In 2001 along came osCommerce, a free Open Source eCommerce, PHP based, shopping cart – which put selling products online within reach of anyone with the drive and determination to succeed. Later, along came offshoots of osCommerce called Zen Cart and CRE Loaded, and within the past two years some new players arrived – Magento and Prestashop. But for a long time the original osCommerce languished and failed to progress as it should have.
There are of course many other pieces of shopping cart software available, but I have mentioned the main players whose names people may recognise.
At the latter end of last year I left the old osCommerce project, having resigned as a Team Member some time before, and started a new osCommerce Project. The new team and myself took over and switched the old oscanswers.com forum to forums.oscommerceproject.org. Our aim at that time was to bring the MS2 stream of osCommerce to a conclusion with a version 2.0 (Final), which we did, and to complete the MS3 stream – which we did not. We decided early in 2009 to build a new cart, from the ground up, to modern coding standards and practices and with no left-over osCommerce coding. We recently announced the name of that new cart – which will be osQuantum.
As is the way with any new project we have experienced some setbacks, with shifting goals and team changes, but we are on track now with a schedule to release our first Alpha version by the New Year at the latest, with the first Production version within six months of that.
osQuantum is being built with a wealth of knowledge about what works and what doesn’t work well in shopping carts, and what website owners want and need (also what they don’t want and need). osQuantum will use Kohana as its framework. Kohana is a light, fast, pure PHP 5 Object Orientated Programming (OOP) coded platform with a Model, View Controller (MVC) architecture.
If you were to ask me to explain in a nutshell what we are trying to achieve with osQuantum I suppose the most understandable reply would have to be – to provide what Magento does but to do it quicker, better, with a lighter footprint and so cause much less of a strain on server resources.
Below is a preview of just some of what will be contained in the 1st Alpha version:
a.

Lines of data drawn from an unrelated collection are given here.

(* Under the three-receiver coding module below, at the beginning of any slot $t>0$, at least one of the two receivers not labeled $L$ has an empty unsolved set, i.e., satisfies $H_i=D_i$.
   Context: A sender broadcasts packets $\mathbf{p}_1,\mathbf{p}_2,\dots$ (indexed by arrival order, vectors over $\mathbb{F}_3$) to three receivers $1,2,3$ over a slotted erasure broadcast channel; each slot it transmits at most one linear combination of arrived packets, each receiver either receives it or suffers an erasure, and perfect feedback gives the sender every receiver's knowledge. The rank of a receiver is the dimension of the space of linear combinations it knows. Receiver $i$ has heard of a packet if it knows some linear combination involving that packet (with nonzero coefficient); $H_i$ is the set of packets it has heard of and $D_i$ the set it has decoded; $H_i\setminus D_i$ is its unsolved set. "Oldest" means smallest index. Coding module: labels $L,N,D$ form a permutation of $\{1,2,3\}$; initially $L=1,N=2,D=3,m=0$. Each slot: let $U=\{\mathbf{p}_1,\dots,\mathbf{p}_m\}$ together with $\mathbf{p}_{m+1}$ if it has arrived, and set $S_1=D_N\cap D_D$, $S_2=D_N\cap(H_D\setminus D_D)$, $S_3=D_N\setminus H_D$, $S_4=D_D\setminus D_N$, $S_5=(H_D\setminus D_D)\setminus D_N$, $S_6=U\setminus(H_D\cup D_N)$. Transmit: Case 1 ($\mathbf{p}_{m+1}$ not arrived): if $S_2,S_4$ both nonempty send the sum of their oldest packets; else if $S_3,S_4$ both nonempty send the sum of their oldest packets; else send the oldest packet of the first nonempty set among $S_5,S_6,S_2,S_3,S_4$; if all are empty send nothing. Case 2 ($\mathbf{p}_{m+1}\in S_1$): send $\mathbf{p}_{m+1}$ plus whatever Case 1 would send. Case 3 ($\mathbf{p}_{m+1}\in S_2$): send $\mathbf{p}_{m+1}+c\mathbf{p}$ with $\mathbf{p}$ the oldest packet of the first nonempty set among $S_4,S_5,S_6$, where $c=1$ unless $\mathbf{p}\in S_5$, in which case $c\in\{1,2\}$ is chosen so that the combination is innovative to receiver $D$. Case 4 ($\mathbf{p}_{m+1}\in S_3$): send $\mathbf{p}_{m+1}+\mathbf{p}$, $\mathbf{p}$ the oldest packet of the first nonempty set among $S_4,S_5,S_6$. Case 5 ($\mathbf{p}_{m+1}\in S_4$): send $\mathbf{p}_{m+1}+\mathbf{p}$, $\mathbf{p}$ the oldest packet of the first nonempty set among $S_2,S_3,S_6$. (In Cases 3–5, if all listed sets are empty, $\mathbf{p}_{m+1}$ is sent alone.) Case 6 (otherwise): send $\mathbf{p}_{m+1}$. After feedback, update $H_i,D_i$, set $m$ to the maximum rank of the three receivers; among receivers that have decoded all of $\mathbf{p}_1,\dots,\mathbf{p}_m$, label the one with lowest index $L$ (if there is none, assign labels arbitrarily); of the other two receivers, if exactly one has nonempty unsolved set, label it $D$ and the other $N$; otherwise assign $D,N$ arbitrarily. *)

theory Defs
  imports Main "HOL-Library.Numeral_Type"
begin

text \<open>Coefficients are in F_3, realised as the numeral type 3 (integers mod 3).
  A linear combination of packets is a coefficient vector indexed by packet
  numbers 1,2,3,... (index 0 is unused).  Receivers are the numbers 1,2,3.\<close>

type_synonym vec = "nat \<Rightarrow> 3"

definition zerov :: vec where "zerov = (\<lambda>_. 0)"
definition unitv :: "nat \<Rightarrow> vec" where "unitv j = (\<lambda>k. if k = j then 1 else 0)"
definition vadd :: "vec \<Rightarrow> vec \<Rightarrow> vec" where "vadd v w = (\<lambda>k. v k + w k)"
definition smul :: "3 \<Rightarrow> vec \<Rightarrow> vec" where "smul c v = (\<lambda>k. c * v k)"

inductive_set lspan :: "vec set \<Rightarrow> vec set" for S where
  zero: "zerov \<in> lspan S"
| add: "v \<in> S \<Longrightarrow> w \<in> lspan S \<Longrightarrow> vadd (smul c v) w \<in> lspan S"

definition lin_indep :: "vec set \<Rightarrow> bool" where
  "lin_indep B \<longleftrightarrow> finite B \<and>
     (\<forall>c :: vec \<Rightarrow> 3. (\<forall>k. (\<Sum>b\<in>B. c b * b k) = 0) \<longrightarrow> (\<forall>b\<in>B. c b = 0))"

definition rank :: "vec set \<Rightarrow> nat" where
  "rank K = Max {card B | B. B \<subseteq> K \<and> lin_indep B}"

definition heard :: "vec set \<Rightarrow> nat set" where
  "heard K = {j. \<exists>v\<in>K. v j \<noteq> 0}"

definition decoded :: "vec set \<Rightarrow> nat set" where
  "decoded K = {j. unitv j \<in> K}"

Several payment modules, including but not limited to Pay Pal and Pay By Cheque/Money Order.
b. A modern up to date template design. Users may provide templates in any manner they wish, with templates being dropped into a templates folder and actioned from within the admin panel.
c. Minimum PHP version will be 5.2
d. osQuantum can be used with most major SQL types e.g. MySQL, Postgre SQL and MS SQL.
e. SEO URLs that will work across server types.
f. Discount Coupons, but not eGift Vouchers.
g. Multi Product images.
h. Cross Sell capability.
i. Multi-tier easy attribute management.
j. Advanced sales reporting.
To find out more about osQuantum visit http://forums.oscommerceproject.org
Miss Rhea Anthony (Vger)





I’m very much looking forward to osQuantum. It’s clear that in many ways it will be a step ahead of osCommerce (which in my opinion has become a bit of a joke). If osQuantum lives up to its impressive expectations, I first plan on participating in the Community Developer Group with the ultimate aim of one day joining The Team. I hope that the much-publicised trademark issue is resolved one way or another as I hate to see all of the current animosity. P.S. Please implement guest-checkout. All the best. Steven.